Madre malata: fatemi vedere le mie figlie

Appello di una disabile per due ragazze affidate a una casa famiglia: «Hanno 11 e 9 anni, dal 2018 non vivono più con me»
LANCIANO. «Sono malata, fatemi rivedere le mie figlie». È l’appello di G.D.F., madre disabile di 49 anni, che da un anno non vede le due figlie minorenni affidate dai servizi sociali a una casa famiglia. La donna è costretta sulla sedia a rotelle in quanto affetta da una forma di sclerosi multipla progressiva, che le sta portando via persino la funzionalità delle mani. «È da un anno che le mie due figlie non vivono più con me», racconta, «e dal settembre scorso che non le vedo più».
Oggi le bambine hanno 11 e 9 anni. L’8 luglio di un anno fa la loro vita è cambiata. Episodio scatenante sarebbe stata la fuga da casa della figlia più piccola, spaventata per la possibile reazione paterna in seguito alla rottura accidentale di un vaso. La bambina, ritrovata con l’aiuto dei carabinieri, lo stesso giorno è stata allontanata dalla casa familiare insieme alla sorella più grande e collocata in una casa-famiglia, come stabilito dalla Procura del tribunale per i minori dell’Aquila. Da quel momento ci sono stati alcuni incontri protetti con i genitori negli uffici del segretariato sociale del Comune di Lanciano, interrotti però dalla condotta del padre che, il 13 settembre 2018, ha aggredito e malmenato due assistenti sociali. L’uomo, N.M., 43 anni, è stato rinviato a giudizio per questo e accusato anche di presunti maltrattamenti in famiglia.
A causa della malattia G.D.F. è totalmente dipendente per le cure e l’assistenza dal marito, che si occupa di lei giorno e notte e per questo non può cercarsi un lavoro. In casa, però, si vive dignitosamente grazie alla pensione di invalidità della donna, all’indennità di accompagnamento e adesso anche al reddito di cittadinanza. «Fino a quando le abbiamo seguite in casa, le bambine avevano ottimi risultati scolastici», sostiene la donna, «non solo, frequentavano una scuola locale di musica con rendimenti al di sopra della media. Nonostante la decisione del tribunale per i minori dell’Aquila di sottoporci a consulenza tecnica d’ufficio per verificare l’idoneità genitoriale e le richieste di ripristino degli incontri con le bambine, e mentre le mie condizioni di salute fisica e mentale si aggravano progressivamente, nessuna risposta è arrivata dalle istituzioni. Sono convinta che le mie figlie vogliano vedermi e vedere il padre, per continuare il legame unico che ci univa, interrotto bruscamente quell’8 luglio. Data la malattia che avanza», continua la donna, «non so fino a quando potrò ancora abbracciarle o semplicemente parlare con loro». La più piccola, tra l’altro, avrebbe tentato la fuga anche dalla casa-famiglia.

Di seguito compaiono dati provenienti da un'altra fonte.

(* Let $S$ be a finite state space, let $P\in\mathbb{R}^{|S|\times|S|}$ be a row-stochastic matrix, let $\gamma\in[0,1)$, $\beta\in(0,1)$, and let $R\in\mathbb{R}^{|S|}$. Let $d_\mu\in\mathbb{R}^{|S|}$ be a probability vector, and define $f$ by $f^\top = d_\mu^\top (I-\beta P)^{-1}$; assume $f(s)>0$ for all $s\in S$. Let $\kappa = \min_{s\in S} \frac{d_\mu(s)}{f(s)}$. Let $T:\mathbb{R}^{|S|}\to\mathbb{R}^{|S|}$ be $T(V)=R+\gamma P V$, and let $\Pi_f$ be the orthogonal projection, with respect to the $f$-weighted Euclidean norm $\|v\|_f=\sqrt{\sum_s f(s)v(s)^2}$, onto a fixed linear subspace of $\mathbb{R}^{|S|}$ (the span of the feature vectors). If $\beta>\gamma^2(1-\kappa)$, then for all $v_1,v_2\in\mathbb{R}^{|S|}$, $$\|\Pi_f T v_1-\Pi_f T v_2\|_f\le \sqrt{\tfrac{\gamma^2}{\beta}(1-\kappa)}\,\|v_1-v_2\|_f,$$ i.e. $\Pi_f T$ is a $\sqrt{\frac{\gamma^2}{\beta}(1-\kappa)}$-contraction in the $f$-weighted norm.
   Context: Setting: a finite Markov decision process with target policy $\pi$ and behavior policy $\mu$; $P$ and $R$ are the transition matrix and reward vector induced by the target policy $\pi$, and $d_\mu$ is the stationary distribution over states induced by the behavior policy $\mu$. The vector $f$ is called the emphatic weight vector and $\kappa$ measures the discrepancy between target and behavior policies. The subspace onto which $\Pi_f$ projects is the span of the columns of $\Phi^\top$, where $\Phi$ is the matrix whose columns are the feature vectors $\phi(s)\in\mathbb{R}^n$. *)

theory Defs
  imports "HOL-Analysis.Analysis"
begin

text \<open>Finite state space = finite index type 's; vectors in R^|S| are real^'s,
matrices are real^'s^'s (rows indexed first).\<close>

definition row_stochastic :: "real^'s^'s \<Rightarrow> bool" where
  "row_stochastic P \<longleftrightarrow> (\<forall>i j. P $ i $ j \<ge> 0) \<and> (\<forall>i. (\<Sum>j\<in>UNIV. P $ i $ j) = 1)"

definition prob_vector :: "real^'s \<Rightarrow> bool" where
  "prob_vector d \<longleftrightarrow> (\<forall>s. d $ s \<ge> 0) \<and> (\<Sum>s\<in>UNIV. d $ s) = 1"

definition emphatic_weight :: "real \<Rightarrow> real^'s^'s \<Rightarrow> real^'s \<Rightarrow> real^'s" where
  "emphatic_weight \<beta> P d = d v* matrix_inv (mat 1 - \<beta> *\<^sub>R P)"

definition finner :: "real^'s \<Rightarrow> real^'s \<Rightarrow> real^'s \<Rightarrow> real" where
  "finner f u v = (\<Sum>s\<in>UNIV. f $ s * u $ s * v $ s)"

definition fnorm :: "real^'s \<Rightarrow> real^'s \<Rightarrow> real" where
  "fnorm f v = sqrt (\<Sum>s\<in>UNIV. f $ s * (v $ s)\<^sup>2)"

definition fproj :: "real^'s \<Rightarrow> (real^'s) set \<Rightarrow> real^'s \<Rightarrow> real^'s" where
  "fproj f W v = (THE p. p \<in> W \<and> (\<forall>w\<in>W. finner f (v - p) w = 0))"

definition bellman :: "real^'s \<Rightarrow> real \<Rightarrow> real^'s^'s \<Rightarrow> real^'s \<Rightarrow> real^'s" where
  "bellman R \<gamma> P V = R + \<gamma> *\<^sub>R (P *v V)"

end

theory Submission
  imports Defs
begin

text \<open>The emphatic weights satisfy \<open>f\<^sup>T P = (f - d\<^sub>\<mu>)\<^sup>T / \<beta>\<close>. Hence, by Jensen's inequality
  row by row, \<open>\<Sum>\<^sub>s f(s) (P v)(s)\<^sup>2 \<le> \<Sum>\<^sub>s (f P)(s) v(s)\<^sup>2 = \<Sum>\<^sub>s (f(s) - d\<^sub>\<mu>(s)) v(s)\<^sup>2 / \<beta>\<close>,
  and \<open>d\<^sub>\<mu> \<ge> \<kappa> f\<close> turns this into \<open>\<parallel>P v\<parallel>\<^sub>f\<^sup>2 \<le> (1 - \<kappa>)/\<beta> \<parallel>v\<parallel>\<^sub>f\<^sup>2\<close>. The affine part of \<open>T\<close>
  cancels in differences, and the \<open>f\<close>-orthogonal projection is linear and does not increase
  \<open>\<parallel>\<cdot>\<parallel>\<^sub>f\<close>.\<close>

lemma matrix_vector_mult_one_minus_scaleR_nth:
  "((mat 1 - b *\<^sub>R P) *v (x::real^'n)) $ i = x $ i - b * (\<Sum>j\<in>UNIV. P $ i $ j * x $ j)"
proof -
  have "(mat 1 - b *\<^sub>R P) *v x = x - b *\<^sub>R (P *v x)"
    by (simp add: matrix_vector_mult_diff_rdistrib scaleR_matrix_vector_assoc)
  then show ?thesis by (simp add: matrix_vector_mult_def)
qed

lemma vector_matrix_mult_one_minus_scaleR_nth:
  "((y::real^'n) v* (mat 1 - b *\<^sub>R P)) $ j = y $ j - b * (\<Sum>i\<in>UNIV. y $ i * P $ i $ j)"
proof -
  have "b *\<^sub>R (y v* P) = y v* (b *\<^sub>R P)"
    by (simp add: vec_eq_iff vector_matrix_mult_def sum_distrib_left algebra_simps)
  then have "y v* (mat 1 - b *\<^sub>R P) = y - b *\<^sub>R (y v* P)"
    by (simp add: algebra_simps)
  then show ?thesis by (simp add: vector_matrix_mult_def)
qed

text \<open>A kernel vector \<open>x\<close> of \<open>I - b P\<close> satisfies \<open>\<bar>x\<bar>\<^sub>\<infinity> \<le> b \<bar>x\<bar>\<^sub>\<infinity>\<close>.\<close>
lemma invertible_one_minus_scaleR_stochastic:
  fixes P :: "real^'n^'n"
  assumes P: "row_stochastic P" and b: "0 \<le> b" "b < 1"
  shows "invertible (mat 1 - b *\<^sub>R P)"
proof -
  have "x = 0" if h: "(mat 1 - b *\<^sub>R P) *v x = 0" for x :: "real^'n"
  proof -
    define m where "m = Max (range (\<lambda>i. \<bar>x $ i\<bar>))"
    have m_ge: "\<bar>x $ i\<bar> \<le> m" for i unfolding m_def by (rule Max_ge) auto
    have bound: "\<bar>x $ i\<bar> \<le> b * m" for i
    proof -
      have xi: "x $ i = b * (\<Sum>j\<in>UNIV. P $ i $ j * x $ j)"
        using arg_cong[OF h, of "\<lambda>v. v $ i"] by (simp add: matrix_vector_mult_one_minus_scaleR_nth)
      have "\<bar>\<Sum>j\<in>UNIV. P $ i $ j * x $ j\<bar> \<le> (\<Sum>j\<in>UNIV. \<bar>P $ i $ j * x $ j\<bar>)"
        by (rule sum_abs)
      also have "\<dots> \<le> (\<Sum>j\<in>UNIV. P $ i $ j * m)"
        using P m_ge unfolding row_stochastic_def
        by (intro sum_mono) (simp add: abs_mult mult_left_mono)
      also have "\<dots> = m"
        using P unfolding row_stochastic_def by (simp add: sum_distrib_right[symmetric])
      finally show ?thesis using xi b by (simp add: abs_mult mult_left_mono)
    qed
    have "m \<in> range (\<lambda>i. \<bar>x $ i\<bar>)" unfolding m_def by (rule Max_in) auto
    then obtain i0 where "m = \<bar>x $ i0\<bar>" by auto
    then have "m \<le> b * m" "0 \<le> m" using bound[of i0] by auto
    then have "m = 0" using b by (smt (verit) mult_le_cancel_right1)
    then show "x = 0" using m_ge by (simp add: vec_eq_iff)
  qed
  then obtain B where "B ** (mat 1 - b *\<^sub>R P) = mat 1"
    using matrix_left_invertible_ker by blast
  then show ?thesis using invertible_left_inverse by blast
qed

«I procedimenti penali a carico del padre sono in corso e non c’è certezza della durata e dell’eventuale condanna», precisa l’avvocato della famiglia, Mariella Arrizza, «la presunta colpevolezza di N.M. non determina pregiudizi alle minori che giustifichino la sospensione degli incontri in modalità protetta. Specialmente nel caso della madre, gravemente inferma. L’attesa predisposizione della consulenza sui genitori risale al 17 dicembre dello scorso anno. Nel frattempo, nessun provvedimento per favorire il ritorno delle bambine in famiglia è stato assunto. La mia assistita e il coniuge non hanno perpetrato condotte pregiudizievoli per le figlie: purtroppo, in casi simili, l’indigenza economica assume un ruolo determinante nell’allontanamento dei figli dai genitori e ciò è contrario ai principi di salvaguardia della vita privata e familiare. Faccio appello alle istituzioni», conclude l’avvocato, «affinché la vicenda venga trattata con la premura e la competenza che riconosciamo agli enti e alle autorità preposte, nell’interesse preminente delle bambine».